Sorrio quando encontro meu lugar favorito totalmente vazio. É a sombra debaixo de uma árvore cerejeira perto do lago. Já havia se passado alguns meses desde que aquele havia se tornado meu esconderijo secreto. Não me entenda mal, não é que eu seja antissocial, mas depois de tanto tempo começo a ter medo, a ficar apavorado, com a ideia de ter que lidar com alguém à essa altura do campeonato. Caminhar até o Hallow Park e sentar debaixo da cerejeira era o meu ofício de verão desde o comecinho. Quando, certa vez, me sentindo especialmente solitário, decido caminhar sem rumo específico.

O senhor e a senhora Weasley, como renomados membros do Ministério, possuem férias periódicas e desgarradas, totalmente desassociadas às minhas, nunca diferentes do já esperado verão entre Junho e Setembro. Nos primeiros anos, Rose e eu nem víamos o tempo passar em meio às brincadeiras de criança, as guerras de travesseiro e as travessuras secretas com os vizinhos e parentes distantes que vez ou outra apareciam para visitar.

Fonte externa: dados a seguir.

(* Let $0<\Omega\le1/2$ and $\alpha\in[0,1]$. Let $\mathcal{S}^n_\Omega$ be the set of all subsets of $\{1,\dots,n\}$ of size $\lfloor\Omega n\rfloor$, and let $N_n(\Omega,\alpha)$ be the cardinality of the smallest $\mathcal{S}\subseteq\mathcal{S}^n_\Omega$ such that for every $\mathbf{s}\in\mathcal{S}^n_\Omega$ there is $\mathbf{s}'\in\mathcal{S}$ with $d(\mathbf{s},\mathbf{s}')\le\alpha$. Then $$\lim_{n\to\infty}\tfrac1n\log N_n(\Omega,\alpha)=R(\Omega,\alpha).$$
   Context: $d(\mathbf{s},\mathbf{s}')=1-|\mathbf{s}\cap\mathbf{s}'|/|\mathbf{s}|$. Logarithms are natural. $H(p)=-p\log p-(1-p)\log(1-p)$ is the binary entropy. $R(\Omega,\alpha)=H(\Omega)-\Omega H(\alpha)-(1-\Omega)H\big(\tfrac{\Omega\alpha}{1-\Omega}\big)$ if $\alpha<1-\Omega$, and $R(\Omega,\alpha)=0$ if $\alpha\ge1-\Omega$. *)

theory Defs
  imports Complex_Main
begin

definition bin_entropy :: "real \<Rightarrow> real" where
  "bin_entropy p = - p * ln p - (1 - p) * ln (1 - p)"

definition rate :: "real \<Rightarrow> real \<Rightarrow> real" where
  "rate \<Omega> \<alpha> = (if \<alpha> < 1 - \<Omega> then
      bin_entropy \<Omega> - \<Omega> * bin_entropy \<alpha> - (1 - \<Omega>) * bin_entropy (\<Omega> * \<alpha> / (1 - \<Omega>))
    else 0)"

definition sdist :: "nat set \<Rightarrow> nat set \<Rightarrow> real" where
  "sdist s s' = 1 - real (card (s \<inter> s')) / real (card s)"

definition slices :: "nat \<Rightarrow> real \<Rightarrow> nat set set" where
  "slices n \<Omega> = {s. s \<subseteq> {1..n} \<and> card s = nat \<lfloor>\<Omega> * real n\<rfloor>}"

definition covering_number :: "nat \<Rightarrow> real \<Rightarrow> real \<Rightarrow> nat" where
  "covering_number n \<Omega> \<alpha> = (LEAST k. \<exists>S. S \<subseteq> slices n \<Omega> \<and> card S = k \<and>
      (\<forall>s\<in>slices n \<Omega>. \<exists>s'\<in>S. sdist s s' \<le> \<alpha>))"

end

theory Submission
  imports Defs "HOL-Library.FuncSet" "HOL-Real_Asymp.Real_Asymp"
begin

(* Let k = \<lfloor>\<Omega>n\<rfloor>, N = (n choose k) the size of the slice and V the common size of all
   \<alpha>-balls in it.  The proof is the sphere-covering argument:
     - double counting gives N \<le> c V for every cover of size c, and counting
       m-tuples of centres gives a cover of size at most N/V (ln N + 1);
       hence ln c = ln N - ln V + O(ln n)  (section "Covering numbers of slices");
     - a ball splits into shells {s. |s \<inter> x| = j} of sizes
       (k choose j)((n - k) choose (k - j)); for \<alpha> < 1 - \<Omega> these decrease beyond
       the minimal admissible overlap j\<^sub>0, so V is its innermost shell up to a
       factor k + 1;
     - the entropy bounds ln (a choose b) = a H(b/a) + O(ln a) then give
       (ln N - ln V)/n \<rightarrow> R(\<Omega>,\<alpha>) for \<alpha> < 1 - \<Omega>;
     - for \<alpha> \<ge> 1 - \<Omega> the rate 0 follows by monotonicity in \<alpha>, since
       R(\<Omega>,\<alpha>) \<rightarrow> 0 as \<alpha> increases to 1 - \<Omega>. *)


section \<open>Entropy bounds for binomial coefficients\<close>

lemma bin_entropy_0 [simp]: "bin_entropy 0 = 0"
  and bin_entropy_1 [simp]: "bin_entropy 1 = 0"
  by (simp_all add: bin_entropy_def)

lemma bin_entropy_sym: "bin_entropy (1 - p) = bin_entropy p"
  unfolding bin_entropy_def by (simp add: algebra_simps)

definition binomial_weight :: "nat \<Rightarrow> real \<Rightarrow> nat \<Rightarrow> real" where
  "binomial_weight a p j = real (a choose j) * p ^ j * (1 - p) ^ (a - j)"

lemma binomial_weight_nonneg: "0 \<le> p \<Longrightarrow> p \<le> 1 \<Longrightarrow> 0 \<le> binomial_weight a p j"
  by (simp add: binomial_weight_def)

lemma binomial_weight_sum: "(\<Sum>j\<le>a. binomial_weight a p j) = 1"
  using binomial_ring[of p "1 - p" a] by (simp add: binomial_weight_def)

lemma Suc_times_binomial_row: "j < a \<Longrightarrow> Suc j * (a choose Suc j) = (a - j) * (a choose j)"
  using Suc_times_binomial[of j "a - 1"] binomial_absorb_comp[of a j] by simp

lemma binomial_weight_ratio:
  assumes "j < a"
  shows "binomial_weight a p (Suc j) * (real j + 1) * (1 - p)
           = binomial_weight a p j * (real a - real j) * p"
proof -
  have c: "real (a choose Suc j) * (real j + 1) = real (a choose j) * (real a - real j)"
    using arg_cong[OF Suc_times_binomial_row[OF assms], of real] assms
    by (simp add: of_nat_diff algebra_simps)
  have "(1 - p) ^ (a - j) = (1 - p) * (1 - p) ^ (a - Suc j)"
    using assms by (simp flip: power_Suc add: Suc_diff_Suc)
  then have "binomial_weight a p j * (real a - real j) * p
      = (real (a choose j) * (real a - real j)) * p ^ Suc j * (1 - p) ^ (a - Suc j) * (1 - p)"
    unfolding binomial_weight_def power_Suc by (simp only: mult_ac)
  also have "\<dots> = binomial_weight a p (Suc j) * (real j + 1) * (1 - p)"
    unfolding binomial_weight_def c[symmetric] by (simp only: mult_ac)
  finally show ?thesis ..
qed

text \<open>The binomial weights with mean \<open>b = a p\<close> increase up to \<open>b\<close> and decrease after it.\<close>
lemma binomial_weight_mode:
  assumes b: "0 < b" "b < a" and p: "p = real b / real a" and j: "j \<le> a"
  shows "binomial_weight a p j \<le> binomial_weight a p b"
proof -
  let ?w = "binomial_weight a p"
  have p01: "0 < p" "p < 1" using b by (auto simp: p field_simps)
  have pa: "real b = real a * p" using b by (simp add: p)
  have up: "?w n \<le> ?w (Suc n)" if "n < b" for n
  proof -
    have "(real n + 1) * (1 - p) \<le> (real a - real n) * p" using that pa p01 by (simp add: algebra_simps)
    then have "?w n * ((real n + 1) * (1 - p)) \<le> ?w n * ((real a - real n) * p)"
      using p01 by (intro mult_left_mono binomial_weight_nonneg) auto
    also have "\<dots> = ?w (Suc n) * (real n + 1) * (1 - p)"
      using binomial_weight_ratio[of n a p] that b by simp
    finally show ?thesis using p01 by (simp add: mult.assoc)
  qed
  have down: "?w (Suc n) \<le> ?w n" if "b \<le> n" "n < a" for n
  proof -
    have "?w (Suc n) * (real n + 1) * (1 - p) = ?w n * ((real a - real n) * p)"
      using binomial_weight_ratio[OF that(2)] by simp
    also have "\<dots> \<le> ?w n * ((real n + 1) * (1 - p))"
      using that pa p01 by (intro mult_left_mono binomial_weight_nonneg) (auto simp: algebra_simps)
    finally show ?thesis using p01 by (simp add: mult.assoc)
  qed
  show ?thesis
  proof (cases "j \<le> b")
    case True
    then show ?thesis
    proof (induction b rule: dec_induct)
      case (step n)
      then show ?case using up[of n] order.trans by blast
    qed simp
  next
    case False
    then have "b \<le> j" by simp
    then show ?thesis using j
    proof (induction j rule: dec_induct)
      case (step n)
      then show ?case using down[of n] by simp
    qed simp
  qed
qed

lemma ln_binomial_weight_mode:
  assumes "0 < b" "b < a"
  shows "ln (binomial_weight a (real b / real a) b)
           = ln (real (a choose b)) - real a * bin_entropy (real b / real a)"
proof -
  define p where "p = real b / real a"
  have p: "0 < p" "p < 1" using assms by (auto simp: p_def field_simps)
  have "ln (binomial_weight a p b) = ln (real (a choose b)) + real b * ln p + real (a - b) * ln (1 - p)"
    unfolding binomial_weight_def using p assms by (simp add: ln_mult ln_realpow)
  moreover have "real a * bin_entropy p = - real b * ln p - real (a - b) * ln (1 - p)"
    using assms by (simp add: bin_entropy_def p_def of_nat_diff field_simps)
  ultimately show ?thesis by (simp add: p_def)
qed

lemma ln_binomial_le_entropy:
  assumes "b \<le> a" "0 < a"
  shows "ln (real (a choose b)) \<le> real a * bin_entropy (real b / real a)"
proof (cases "b = 0 \<or> b = a")
  case False
  then have b: "0 < b" "b < a" using assms by auto
  let ?w = "binomial_weight a (real b / real a)"
  have "?w b \<le> (\<Sum>j\<le>a. ?w j)"
    using b by (intro member_le_sum binomial_weight_nonneg) auto
  then have "?w b \<le> 1" by (simp add: binomial_weight_sum)
  moreover have "0 < ?w b" using b by (simp add: binomial_weight_def)
  ultimately have "ln (?w b) \<le> 0" by simp
  then show ?thesis using ln_binomial_weight_mode[OF b] by simp
qed (use assms in auto)

lemma ln_binomial_ge_entropy:
  assumes "b \<le> a" "0 < a"
  shows "real a * bin_entropy (real b / real a) - ln (real a + 1) \<le> ln (real (a choose b))"
proof (cases "b = 0 \<or> b = a")
  case False
  then have b: "0 < b" "b < a" using assms by auto
  let ?w = "binomial_weight a (real b / real a)"
  have "1 = (\<Sum>j\<le>a. ?w j)" by (simp add: binomial_weight_sum)
  also have "\<dots> \<le> (\<Sum>j\<le>a. ?w b)" by (intro sum_mono binomial_weight_mode[OF b]) auto
  finally have "1 / (real a + 1) \<le> ?w b" by (simp add: field_simps)
  then have "ln (1 / (real a + 1)) \<le> ln (?w b)" by (simp add: ln_mono)
  then show ?thesis using ln_binomial_weight_mode[OF b] by (simp add: ln_div)
qed (use assms in auto)


section \<open>Exponential growth rate of binomial coefficients\<close>

text \<open>\<open>H\<close> is continuous on \<open>[0,1]\<close>, including the endpoints where \<open>x ln x \<rightarrow> 0\<close>.\<close>
lemma continuous_on_bin_entropy: "continuous_on {0..1} bin_entropy"
proof -
  have xlnx: "continuous_on {0..1} (\<lambda>x::real. x * ln x)"
  proof (subst continuous_on_eq_continuous_within, intro ballI)
    fix x :: real assume x: "x \<in> {0..1}"
    show "continuous (at x within {0..1}) (\<lambda>x. x * ln x)"
    proof (cases "x = 0")
      case True
      have "((\<lambda>x::real. x * ln x) \<longlongrightarrow> 0) (at_right 0)" by real_asymp
      then show ?thesis
        unfolding True continuous_within at_within_Icc_at_right[OF zero_less_one] by simp
    next
      case False
      then have "isCont (\<lambda>x. x * ln x) x" using x by (intro continuous_intros) auto
      then show ?thesis using continuous_at_imp_continuous_at_within by blast
    qed
  qed
  have "continuous_on {0..1} (\<lambda>x::real. (1 - x) * ln (1 - x))"
    by (rule continuous_on_compose2[OF xlnx]) (auto intro: continuous_intros)
  with xlnx have "continuous_on {0..1} (\<lambda>x::real. - (x * ln x) - (1 - x) * ln (1 - x))"
    by (intro continuous_on_diff continuous_on_minus)
  then show ?thesis by (simp add: bin_entropy_def [abs_def])
qed

lemma tendsto_bin_entropy:
  assumes "(f \<longlongrightarrow> c) F" "c \<in> {0..1}" "eventually (\<lambda>x. f x \<in> {0..1}) F"
  shows "((\<lambda>x. bin_entropy (f x)) \<longlongrightarrow> bin_entropy c) F"
  using continuous_on_tendsto_compose[OF continuous_on_bin_entropy assms] .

Agora, no entanto, Rose e eu somos um pouco diferentes. Ela gosta de ir à festas e beijar garotos nos fins de tarde, e eu, como uma espécie de filósofo “incompreendível”, prefiro vir até aqui e ler por algumas horas, aproveitar a brisa gostosa com cheiro das flores e observar os patos nadando em sua jornada sem muito mistério, porque, afinal, são apenas patos e patos não precisam se preocupar com coisas que eu me preocupo. Como o fato de que no ano que vem é o último ano e eu ainda não sei o que vou fazer. 

No livro de hoje, a mocinha diz não possuir qualquer intenção de frequentar escola para boas maneiras e menos ainda se casar com seu melhor amigo pois é uma alma livre e almas livres voam como pássaros, não como patos de Hallow Park seguindo a vida programada e monótona e esperada por seus pais e amigos. O nome dela é Jo, e eu acho que ela tem razão.

No entanto, todo o meu discurso ensaiado e decorado por anos dentro de minha cabeça vai embora quando eu a vejo. Não Jo, porque ela é uma personagem fictícia, mas Lily, que sorri quando me vê também e eu aceno de volta. Ela está com uma camisa azul-piscina, totalmente diferente do uniforme da sorveteria de horas atrás. É a primeira vez que ela vem até aqui e eu não sei o que fazer.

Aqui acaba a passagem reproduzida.